Launch means Birth: Parent your Infant

Thanks to Ohours and the time I’ve had between startups, I’ve been meeting with many, many founders who seek insights into youth media, the restaurant space, or the movie industry.
Clearly the flavor of the latest Internet epoch (circa 2009-present) is the platform. Today I met with a company that has not launched, has no users, but does have the requisite API. At one level, I understand. Our industry is deeply interconnected. Platforms have greatly lowered the cost of entry for startups and certainly Facebook Connect and Oauth have made it faster to launch dozens of services.
But what might be lost in this rush to be a platform is a startup’s birth and obsession with that other constituency that is even more important than developers: USERS.
My former colleague Nate Westheimer wrote an excellent and under-read post on the importance of the first 100 users and if you are launching a service you should read it. Paul Graham has written extensively on the importance of obsessing over building something people really want.
Your startup is an infant at launch. You have to nurture it and care for it round the clock. It’s not self-sustaining. One developer told me,
I know what you mean. Sometimes I feel like my code just pukes on me.
Funny.
Startups need to narrow your focus to making your infant love you by giving the early members tons and tons of love. For every Twitter or Instagram (insane growth rates), there are dozens (Foursquare among them) of companies that took considerably longer to engender a robust following.
- Carefully select your first users.
- Develop real relationships with them.
- Figure out what works and doesn’t work
- Start to spread the word
- Don’t lose site of these users
As your userbase grows and reaches adolescence (1mm-5mm active monthlies), then maybe it’s time to give that startup some room to grow and be more independent. Maybe that’s the time to roll out the API.

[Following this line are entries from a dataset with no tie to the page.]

(* Let $V$ be a finite vocabulary, $U\in\mathbb{R}^{|V|\times d}$, $u_t=U^\top e_t$, and let $r\in\mathbb{R}^d$ be the unsteered final representation of a query $q$, with $P_\theta(t\mid q)=\mathrm{softmax}(Ur)_t$. Let $c\in V$ be the correct answer token, $P_0=P_\theta(c\mid q)<1$. Let $S\subseteq V$ with $c\in S$ and $|S|=T\ge 3$, and define $\epsilon\in[0,1)$ by $\sum_{i\in S\setminus\{c\}}P_\theta(i\mid q)=(1-\epsilon)(1-P_0)$ (assume this sum is positive). Let $r_e\neq 0$ and let the steered distribution be $P_{\theta,r_e}(t\mid q)=\mathrm{softmax}(U(r+d))_t$ where $d=\lambda|r_e|\,v$, $\lambda>0$, and $v$ is a random unit vector such that the random variables $X_i=\langle v,u_i\rangle$, $i\in S$, are i.i.d. with a continuous distribution of variance $\sigma^2>0$. Define $I_\pm=\{i\in S\setminus\{c\}:\pm(X_i-X_c)>0\}$, $P_\pm=\sum_{i\in I_\pm}P_\theta(i\mid q)$, and when $I_\pm\neq\emptyset$, $c_\pm=\frac{1}{P_\pm}\sum_{i\in I_\pm}P_\theta(i\mid q)(X_i-X_c)$; set $$\alpha=\frac{\min\{P_+,P_-\}}{(1-P_0)(1-\epsilon)},\qquad \beta=\frac{\min\{|c_-|,c_+\}}{\sigma}.$$ Then with probability at least $1-\frac{2}{T}$ (over the randomness of $v$), both $I_+$ and $I_-$ are nonempty, $\alpha>0$, $\beta>0$, and $$P_{\theta,r_e}(c\mid q)\le\frac{P_0}{P_0+(1-P_0)\,\alpha(1-\epsilon)\big(1+\tfrac{\lambda^2\sigma^2\beta^2}{2}r_e^2\big)}.$$
   Context: Helpfulness of a model on a query $q$ with correct answer $c$ is the probability $P(c\mid q)$ the model assigns to the correct answer. Steering with coefficient $r_e$ changes the final hidden representation by $d$ with $|d|=\lambda|r_e|$; the direction of $d$ is modeled as random relative to the unembeddings of the $T$ tokens in $S$ (typically the highest-probability tokens, carrying most of the mass). *)

theory Defs
  imports "HOL-Probability.Probability"
begin

definition softmax :: "real ^ 'v::finite \<Rightarrow> 'v \<Rightarrow> real" where
  "softmax z t = exp (z $ t) / (\<Sum>s\<in>UNIV. exp (z $ s))"

definition Iplus :: "'v set \<Rightarrow> 'v \<Rightarrow> ('v \<Rightarrow> real) \<Rightarrow> 'v set" where
  "Iplus S c X = {i \<in> S - {c}. X i - X c > 0}"

definition Iminus :: "'v set \<Rightarrow> 'v \<Rightarrow> ('v \<Rightarrow> real) \<Rightarrow> 'v set" where
  "Iminus S c X = {i \<in> S - {c}. X i - X c < 0}"

definition Pmass :: "('v \<Rightarrow> real) \<Rightarrow> 'v set \<Rightarrow> real" where
  "Pmass p I = (\<Sum>i\<in>I. p i)"

text \<open>Weighted mean of X_i - X_c over I (meaningful when I is nonempty).\<close>
definition cmean :: "('v \<Rightarrow> real) \<Rightarrow> ('v \<Rightarrow> real) \<Rightarrow> 'v \<Rightarrow> 'v set \<Rightarrow> real" where
  "cmean p X c I = (1 / Pmass p I) * (\<Sum>i\<in>I. p i * (X i - X c))"

end

theory Submission
  imports Defs
begin

(* Steering by d = k v with k = lam |re| adds k <v, u_t> to every logit, so the steered probability
   of c is P c / (sum_t P t exp (k (X_t - X_c))).  Dropping all tokens outside {c} and I+ and applying
   Jensen's inequality for exp on I+ bounds the denominator from below by
   P c + P+ exp (k c+) >= P c + P+ (1 + k^2 c+^2 / 2).
   Randomness only enters through the requirement that I+ and I- be nonempty.  I+ is empty exactly
   when X_c is the maximum of the i.i.d. family (X_i) over S; by exchangeability, and since ties
   have probability zero for a continuous distribution, this happens with probability 1/T.
   The same holds for I- and the minimum. *)

lemma softmax_pos: "0 < softmax z t"
  unfolding softmax_def by (intro divide_pos_pos) (auto intro!: sum_pos)

lemma softmax_add:
  "softmax (z + y) c = softmax z c / (\<Sum>t\<in>UNIV. softmax z t * exp (y $ t - y $ c))"
proof -
  define Z where "Z = (\<Sum>t\<in>UNIV. exp (z $ t))"
  define Z' where "Z' = (\<Sum>t\<in>UNIV. exp (z $ t + y $ t))"
  have pos: "Z > 0" "Z' > 0" unfolding Z_def Z'_def by (auto intro!: sum_pos)
  have "(\<Sum>t\<in>UNIV. softmax z t * exp (y $ t - y $ c)) = Z' / (Z * exp (y $ c))"
    unfolding softmax_def Z_def[symmetric] Z'_def
    by (simp add: exp_diff exp_add sum_divide_distrib)
  moreover have "softmax z c / (Z' / (Z * exp (y $ c))) = exp (z $ c + y $ c) / Z'"
    unfolding softmax_def Z_def[symmetric] using pos by (simp add: exp_add field_simps)
  ultimately show ?thesis
    unfolding Z'_def by (simp add: softmax_def)
qed

lemma softmax_steer:
  fixes U :: "real ^ 'd::finite ^ 'v::finite"
  shows "softmax (U *v (r + k *\<^sub>R w)) c =
    softmax (U *v r) c / (\<Sum>t\<in>UNIV. softmax (U *v r) t * exp (k * (w \<bullet> U $ t - w \<bullet> U $ c)))"
proof -
  have "U *v (r + k *\<^sub>R w) = U *v r + k *\<^sub>R (U *v w)"
    by (simp add: matrix_vector_right_distrib matrix_vector_mult_scaleR)
  then show ?thesis
    by (simp add: softmax_add matrix_vector_mul_component inner_commute right_diff_distrib)
qed

lemma sum_mult_exp_ge:
  fixes p y :: "'i \<Rightarrow> real"
  assumes "finite I" "\<forall>i\<in>I. 0 \<le> p i" "0 < sum p I"
  shows "sum p I * exp ((\<Sum>i\<in>I. p i * y i) / sum p I) \<le> (\<Sum>i\<in>I. p i * exp (y i))"
proof -
  let ?a = "\<lambda>i. p i / sum p I"
  have "I \<noteq> {}" using assms(3) by auto
  have "exp (\<Sum>i\<in>I. ?a i * y i) \<le> (\<Sum>i\<in>I. ?a i * exp (y i))"
    using convex_on_sum[OF assms(1) \<open>I \<noteq> {}\<close> exp_convex, of ?a y] assms
    by (auto simp: sum_divide_distrib[symmetric])
  with assms(3) show ?thesis
    by (simp add: sum_divide_distrib[symmetric] field_simps)
qed

lemma Pmass_pos: "\<forall>t. 0 < p t \<Longrightarrow> finite I \<Longrightarrow> I \<noteq> {} \<Longrightarrow> 0 < Pmass p I"
  unfolding Pmass_def by (intro sum_pos) auto

lemma cmean_Iplus_pos:
  fixes p X :: "'v::finite \<Rightarrow> real"
  assumes "\<forall>t. 0 < p t" "Iplus S c X \<noteq> {}"
  shows "0 < cmean p X c (Iplus S c X)"
proof -
  have "0 < (\<Sum>i\<in>Iplus S c X. p i * (X i - X c))"
    using assms by (intro sum_pos) (auto simp: Iplus_def)
  then show ?thesis using Pmass_pos[OF assms(1) _ assms(2)] unfolding cmean_def by simp
qed

lemma cmean_Iminus_neg:
  fixes p X :: "'v::finite \<Rightarrow> real"
  assumes "\<forall>t. 0 < p t" "Iminus S c X \<noteq> {}"
  shows "cmean p X c (Iminus S c X) < 0"
proof -
  have "0 < (\<Sum>i\<in>Iminus S c X. - (p i * (X i - X c)))"
    using assms by (intro sum_pos) (auto simp: Iminus_def mult_pos_neg)
  then show ?thesis
    using Pmass_pos[OF assms(1) _ assms(2)] unfolding cmean_def by (simp add: sum_negf divide_neg_pos)
qed

lemma Pmass_exp_cmean_le:
  fixes p X :: "'v \<Rightarrow> real"
  assumes "finite I" "\<forall>i. 0 < p i" "I \<noteq> {}"
  shows "Pmass p I * exp (k * cmean p X c I) \<le> (\<Sum>i\<in>I. p i * exp (k * (X i - X c)))"
proof -
  have "0 < Pmass p I" by (rule Pmass_pos[OF assms(2,1,3)])
  moreover have "k * cmean p X c I = (\<Sum>i\<in>I. p i * (k * (X i - X c))) / Pmass p I"
    unfolding cmean_def by (simp add: mult.left_commute[of _ k] sum_distrib_left[symmetric])
  ultimately show ?thesis
    using sum_mult_exp_ge[OF assms(1), of p] assms(2) unfolding Pmass_def by (simp add: less_imp_le)
qed

text \<open>Only the terms of \<open>c\<close> and of \<open>I\<^sub>+\<close> are kept; on \<open>I\<^sub>+\<close> the exponent is
  nonnegative, where \<open>exp x \<ge> 1 + x\<^sup>2/2\<close>.\<close>
lemma sum_exp_ge_Iplus:
  fixes P X :: "'v::finite \<Rightarrow> real"
  assumes P: "\<forall>t. 0 < P t" and k: "0 \<le> k" and ne: "Iplus S c X \<noteq> {}"
  shows "P c + Pmass P (Iplus S c X) * (1 + (k * cmean P X c (Iplus S c X))\<^sup>2 / 2)
    \<le> (\<Sum>t\<in>UNIV. P t * exp (k * (X t - X c)))"
proof -
  define Ip where "Ip = Iplus S c X"
  define f where "f t = P t * exp (k * (X t - X c))" for t
  have "0 \<le> k * cmean P X c Ip"
    using cmean_Iplus_pos[OF P ne] k unfolding Ip_def by simp
  then have "1 + (k * cmean P X c Ip)\<^sup>2 / 2 \<le> exp (k * cmean P X c Ip)"
    using exp_lower_Taylor_quadratic[of "k * cmean P X c Ip"] by linarith
  moreover have "0 < Pmass P Ip" using Pmass_pos[OF P _ ne] unfolding Ip_def by simp
  ultimately have "Pmass P Ip * (1 + (k * cmean P X c Ip)\<^sup>2 / 2) \<le> Pmass P Ip * exp (k * cmean P X c Ip)"
    by simp
  also have "\<dots> \<le> (\<Sum>t\<in>Ip. f t)"
    unfolding f_def by (rule Pmass_exp_cmean_le) (use P ne in \<open>auto simp: Ip_def\<close>)
  finally have "Pmass P Ip * (1 + (k * cmean P X c Ip)\<^sup>2 / 2) \<le> (\<Sum>t\<in>Ip. f t)" .
  moreover have "f c + (\<Sum>t\<in>Ip. f t) = (\<Sum>t\<in>insert c Ip. f t)"
    by (simp add: Ip_def Iplus_def)
  moreover have "(\<Sum>t\<in>insert c Ip. f t) \<le> (\<Sum>t\<in>UNIV. f t)"
    using P by (intro sum_mono2) (auto simp: f_def less_imp_le)
  ultimately show ?thesis unfolding f_def Ip_def by simp
qed

lemma steered_softmax_le:
  fixes U :: "real ^ 'd::finite ^ 'v::finite" and r w :: "real ^ 'd" and c :: 'v
  defines "P \<equiv> softmax (U *v r)" and "X \<equiv> \<lambda>i. w \<bullet> U $ i"
  assumes k: "0 \<le> k" and ne: "Iplus S c X \<noteq> {}"
  shows "softmax (U *v (r + k *\<^sub>R w)) c \<le>
    P c / (P c + min (Pmass P (Iplus S c X)) (Pmass P (Iminus S c X)) *
      (1 + (k * min \<bar>cmean P X c (Iminus S c X)\<bar> (cmean P X c (Iplus S c X)))\<^sup>2 / 2))"
proof -
  define Ip where "Ip = Iplus S c X"
  define cm where "cm = min \<bar>cmean P X c (Iminus S c X)\<bar> (cmean P X c Ip)"
  have P: "\<forall>t. 0 < P t" unfolding P_def by (simp add: softmax_pos)
  have cp: "0 < cmean P X c Ip" unfolding Ip_def by (rule cmean_Iplus_pos[OF P ne])
  have "0 < Pmass P Ip" using Pmass_pos[OF P _ ne] unfolding Ip_def by simp
  have "(k * cm)\<^sup>2 \<le> (k * cmean P X c Ip)\<^sup>2"
    using cp k by (intro power_mono mult_left_mono) (auto simp: cm_def)
  then have "min (Pmass P Ip) (Pmass P (Iminus S c X)) * (1 + (k * cm)\<^sup>2 / 2)
      \<le> Pmass P Ip * (1 + (k * cmean P X c Ip)\<^sup>2 / 2)"
    using \<open>0 < Pmass P Ip\<close> by (intro mult_mono) auto
  also have "P c + \<dots> \<le> (\<Sum>t\<in>UNIV. P t * exp (k * (X t - X c)))"
    unfolding Ip_def by (rule sum_exp_ge_Iplus[OF P k ne])
  finally have den: "P c + min (Pmass P Ip) (Pmass P (Iminus S c X)) * (1 + (k * cm)\<^sup>2 / 2)
      \<le> (\<Sum>t\<in>UNIV. P t * exp (k * (X t - X c)))" by simp
  have "0 < P c + min (Pmass P Ip) (Pmass P (Iminus S c X)) * (1 + (k * cm)\<^sup>2 / 2)"
    using P unfolding Pmass_def by (intro add_pos_nonneg mult_nonneg_nonneg)
      (auto intro!: sum_nonneg simp: less_imp_le)
  moreover have "softmax (U *v (r + k *\<^sub>R w)) c = P c / (\<Sum>t\<in>UNIV. P t * exp (k * (X t - X c)))"
    unfolding P_def X_def by (rule softmax_steer)
  ultimately show ?thesis
    using den P unfolding Ip_def cm_def by (simp add: frac_le less_imp_le)
qed

lemma (in prob_space) indep_sets_reindex:
  assumes ind: "indep_sets F I" and bij: "bij_betw \<sigma> J I"
  shows "indep_sets (\<lambda>j. F (\<sigma> j)) J"
proof (rule indep_setsI)
  show "F (\<sigma> j) \<subseteq> events" if "j \<in> J" for j
    using that ind bij by (auto simp: indep_sets_def bij_betw_def)
next
  fix A K assume K: "K \<noteq> {}" "K \<subseteq> J" "finite K" and A: "\<forall>k\<in>K. A k \<in> F (\<sigma> k)"
  have inj: "inj_on \<sigma> K" using bij K(2) by (auto simp: bij_betw_def intro: inj_on_subset)
  define A' where "A' = A \<circ> the_inv_into K \<sigma>"
  have A'\<sigma>: "A' (\<sigma> k) = A k" if "k \<in> K" for k
    unfolding A'_def using the_inv_into_f_f[OF inj that] by simp
  have "prob (\<Inter>i\<in>\<sigma> ` K. A' i) = (\<Prod>i\<in>\<sigma> ` K. prob (A' i))"
  proof (rule indep_setsD[OF ind])
    show "\<sigma> ` K \<subseteq> I" using bij K(2) by (auto simp: bij_betw_def)
    show "\<forall>i\<in>\<sigma> ` K. A' i \<in> F i" using A A'\<sigma> by auto
  qed (use K in auto)
  also have "\<dots> = (\<Prod>k\<in>K. prob (A k))"
    using A'\<sigma> by (simp add: prod.reindex[OF inj])
  moreover have "(\<Inter>i\<in>\<sigma> ` K. A' i) = (\<Inter>k\<in>K. A k)" using A'\<sigma> by auto
  ultimately show "prob (\<Inter>k\<in>K. A k) = (\<Prod>k\<in>K. prob (A k))" by simp
qed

Look at it this way: FourSquare is very hot and has 7mm users+. They held a huge hack day at General Assembly and many people hackers (looked like 100+ to me showed up). I’m told by numerous developers that they have a great API.
Still, how many apps have you added to FourSquare?
If Foursquare, is struggling at 7mm to get huge app traction then early stage startups should not expect to create a developer community or momentum. Spend your energy focused on your the equivalent of your infant, toddler, and child — your first 100, 10,000 and 100,000 users.